To find the condition that the curves \(2x = y^2\) and \(2xy = k\) intersect orthogonally, we will follow these steps: ### Step 1: Differentiate the first curve The first curve is given by the equation: \[ 2x = y^2 \] Differentiating both sides with respect to \(x\): \[ 2 \frac{dx}{dx} = 2y \frac{dy}{dx} \] This simplifies to: \[ 2 = 2y \frac{dy}{dx} \] Thus, we can solve for \(\frac{dy}{dx}\): \[ \frac{dy}{dx} = \frac{1}{y} \] ### Step 2: Find the slope at the intersection point Let the point of intersection be \((x_1, y_1)\).

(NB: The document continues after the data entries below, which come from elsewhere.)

lemma glued_arf_product:
  assumes D: "admissible D" and I: "glue_ideal D I" "I \<subseteq> J" and Q: "arf_condition D J"
    and a: "triple a \<in> glued D I" and au: "triple (\<lambda>i. a i * u i) \<in> glued D I"
    and av: "triple (\<lambda>i. a i * v i) \<in> glued D I" and uv: "\<forall>i. u i \<in> D \<and> v i \<in> D"
  shows "triple (\<lambda>i. a i * u i * v i) \<in> glued D J"
proof -
  have a': "\<forall>i. a i \<in> D" "coeff_s0 (a C2) = coeff_s0 (a C1)" "coeff_s0 (a C3) = coeff_s0 (a C1)"
      "coeff_s1 (a C1) + coeff_s1 (a C2) + coeff_s1 (a C3) \<in> I"
    and au': "coeff_s0 (a C2 * u C2) = coeff_s0 (a C1 * u C1)" "coeff_s0 (a C3 * u C3) = coeff_s0 (a C1 * u C1)"
      "coeff_s1 (a C1 * u C1) + coeff_s1 (a C2 * u C2) + coeff_s1 (a C3 * u C3) \<in> I"
    and av': "coeff_s0 (a C2 * v C2) = coeff_s0 (a C1 * v C1)" "coeff_s0 (a C3 * v C3) = coeff_s0 (a C1 * v C1)"
      "coeff_s1 (a C1 * v C1) + coeff_s1 (a C2 * v C2) + coeff_s1 (a C3 * v C3) \<in> I"
    using a au av by (simp_all add: glued_mem)
  have in_D: "a i * u i * v i \<in> D" for i
    using a'(1) uv admissible_closed(4)[OF D] by blast
  show ?thesis
  proof (cases "coeff_s0 (a C1) = 0")
    case True
    then have a0: "coeff_s0 (a i) = 0" for i
      using a' by (cases i) auto
    let ?l = "\<lambda>i. coeff_s1 (a i)" and ?u = "\<lambda>i. coeff_s0 (u i)" and ?v = "\<lambda>i. coeff_s0 (v i)"
    have "?l C1 * ?u C1 * ?v C1 + ?l C2 * ?u C2 * ?v C2 + ?l C3 * ?u C3 * ?v C3 \<in> J"
      using Q[unfolded arf_condition_def, rule_format, of ?l ?u ?v] a' au' av' I(2) uv
        coeff_s_in_s_coeff_values
      by (auto simp: coeff_s1_mult a0)
    then show ?thesis
      unfolding glued_mem using in_D by (simp add: coeff_s1_mult coeff_s0_mult a0)
  next
    case False
    have uv23: "coeff_s0 (u C2) = coeff_s0 (u C1)" "coeff_s0 (u C3) = coeff_s0 (u C1)"
        "coeff_s0 (v C2) = coeff_s0 (v C1)" "coeff_s0 (v C3) = coeff_s0 (v C1)"
      using au'(1,2) av'(1,2) a'(2,3) False by (simp_all add: coeff_s0_mult)
    note coeff_s1_sum_triple_product[OF a'(2,3) uv23]
    moreover have "u C1 * v C1 \<in> D"
      using uv admissible_closed(4)[OF D] by blast
    then have "coeff_s0 (v C1) * (coeff_s1 (a C1 * u C1) + coeff_s1 (a C2 * u C2) + coeff_s1 (a C3 * u C3))
          + coeff_s0 (u C1) * (coeff_s1 (a C1 * v C1) + coeff_s1 (a C2 * v C2) + coeff_s1 (a C3 * v C3))
          + coeff_s0 (u C1 * v C1) * (coeff_s1 (a C1) + coeff_s1 (a C2) + coeff_s1 (a C3)) \<in> I"
      using I(1) au'(3) av'(3) a'(4) uv unfolding glue_ideal_def by simp
    ultimately have "coeff_s1 (a C1 * u C1 * v C1) + coeff_s1 (a C2 * u C2 * v C2)
        + coeff_s1 (a C3 * u C3 * v C3) \<in> J"
      using I(2) by auto
    moreover have "coeff_s0 (a i * u i * v i) = coeff_s0 (a C1 * u C1 * v C1)" for i
      using a'(2,3) uv23 by (cases i) (simp_all add: coeff_s0_mult)
    ultimately show ?thesis
      unfolding glued_mem using in_D by simp
  qed
qed

lemma wa_generator_glued:
  assumes D: "admissible D" and I: "glue_ideal D I" "I \<subseteq> J" and Q: "arf_condition D J"
    and a: "a \<in> nzd (glued D I)" and bc: "b \<in> glued D I" "c \<in> glued D I"
    and u: "u \<in> int_closure (glued D I)" "a * u = b"
    and v: "v \<in> int_closure (glued D I)" "a * v = c" and q: "a * q = b * c"
  shows "q \<in> glued D J"
proof -
  have "a \<in> glued D I" and a_nz: "\<forall>i. a i \<noteq> 0"
    using a nzd_glued_eq[OF D I(1)] by auto
  then obtain ga where a_eq: "a = triple ga" and a_glued: "triple ga \<in> glued D I"
    by (auto simp: glued_def)
  obtain gu where u_eq: "u = triple gu" and gu: "\<forall>i. gu i \<in> D"
    using u(1) int_closure_glued[OF D I(1)] by (auto simp: triples_def)
  obtain gv where v_eq: "v = triple gv" and gv: "\<forall>i. gv i \<in> D"
    using v(1) int_closure_glued[OF D I(1)] by (auto simp: triples_def)
  have "q = triple (\<lambda>i. ga i * gu i * gv i)"
  proof (rule ext)
    fix i
    have "a i * q i = a i * (a i * u i * v i)"
      using fun_cong[OF q, of i] u(2) v(2) by (auto simp: ac_simps)
    then show "q i = triple (\<lambda>i. ga i * gu i * gv i) i"
      using a_nz by (simp add: a_eq u_eq v_eq)
  qed
  moreover have "triple (\<lambda>i. ga i * gu i) \<in> glued D I" "triple (\<lambda>i. ga i * gv i) \<in> glued D I"
    using bc u(2) v(2) by (simp_all add: a_eq u_eq v_eq triple_mult)
  ultimately show ?thesis
    using glued_arf_product[OF D I Q a_glued] gu gv by simp
qed
lemma homs_preserve_fact: "h \<in> homs S F G \<Longrightarrow> R \<in> S \<Longrightarrow> t \<in> F R \<Longrightarrow> map h t \<in> G R"
  by (simp add: homs_def)

lemma hom_exists_iff: "hom_exists S F G \<longleftrightarrow> (\<exists>f. \<forall>R\<in>S. \<forall>t\<in>F R. map f t \<in> G R)"
proof
  assume "hom_exists S F G"
  then obtain h where "h \<in> homs S F G"
    unfolding hom_exists_def by blast
  then show "\<exists>f. \<forall>R\<in>S. \<forall>t\<in>F R. map f t \<in> G R"
    unfolding homs_def by blast
next
  assume "\<exists>f. \<forall>R\<in>S. \<forall>t\<in>F R. map f t \<in> G R"
  then obtain f where "\<forall>R\<in>S. \<forall>t\<in>F R. map f t \<in> G R" ..
  then show "hom_exists S F G"
    unfolding hom_exists_def using restrict_in_homs by blast
qed

lemma finite_adom: "schema S ar \<Longrightarrow> is_instance S ar F \<Longrightarrow> finite (adom S F)"
  by (auto simp: schema_def is_instance_def adom_def)

lemma finite_homs:
  assumes "schema S ar" "is_instance S ar F" "is_instance S ar G"
  shows "finite (homs S F G)"
  unfolding homs_def
  by (rule finite_subset[OF _ finite_PiE[of "adom S F" "\<lambda>_. adom S G"]])
    (auto simp: finite_adom[OF assms(1,2)] finite_adom[OF assms(1,3)])

lemma hom_K_eq_0_iff: "finite (homs S F D) \<Longrightarrow> hom_K K S F D = 0 \<longleftrightarrow> \<not> hom_exists S F D"
  by (cases K) (auto simp: hom_K_def hom_exists_def)

lemma fact_nonempty: "schema S ar \<Longrightarrow> is_instance S ar F \<Longrightarrow> R \<in> S \<Longrightarrow> t \<in> F R \<Longrightarrow> t \<noteq> []"
  unfolding schema_def is_instance_def by fastforce

lemma set_fact_subset_adom: "R \<in> S \<Longrightarrow> t \<in> F R \<Longrightarrow> set t \<subseteq> adom S F"
  unfolding adom_def by auto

The slope of the tangent to the first curve at this point is: \[ m_1 = \frac{1}{y_1} \] ### Step 3: Differentiate the second curve The second curve is given by: \[ 2xy = k \] Differentiating both sides with respect to \(x\): \[ 2y + 2x \frac{dy}{dx} = 0 \] Rearranging gives: \[ 2x \frac{dy}{dx} = -2y \] Thus, we can solve for \(\frac{dy}{dx}\): \[ \frac{dy}{dx} = -\frac{y}{x} \] ### Step 4: Find the slope at the intersection point for the second curve At the point of intersection \((x_1, y_1)\), the slope of the tangent to the second curve is: \[ m_2 = -\frac{y_1}{x_1} \] ### Step 5: Set the condition for orthogonality The curves intersect orthogonally if the product of their slopes is \(-1\): \[ m_1 \cdot m_2 = -1 \] Substituting the values of \(m_1\) and \(m_2\): \[ \left(\frac{1}{y_1}\right) \left(-\frac{y_1}{x_1}\right) = -1 \] This simplifies to: \[ -\frac{1}{x_1} = -1 \] Thus, we have: \[ x_1 = 1 \] ### Step 6: Find \(y_1\) using the first curve Substituting \(x_1 = 1\) into the first curve equation: \[ 2(1) = y_1^2 \] This simplifies to: \[ y_1^2 = 2 \quad \Rightarrow \quad y_1 = \pm \sqrt{2} \] ### Step 7: Substitute into the second curve to find \(k\) Now, we substitute \(x_1 = 1\) and \(y_1 = \sqrt{2}\) into the second curve equation: \[ 2xy = k \quad \Rightarrow \quad 2(1)(\sqrt{2}) = k \] Thus: \[ k = 2\sqrt{2} \] ### Final Condition The condition for the curves \(2x = y^2\) and \(2xy = k\) to intersect orthogonally is: \[ k = 2\sqrt{2} \]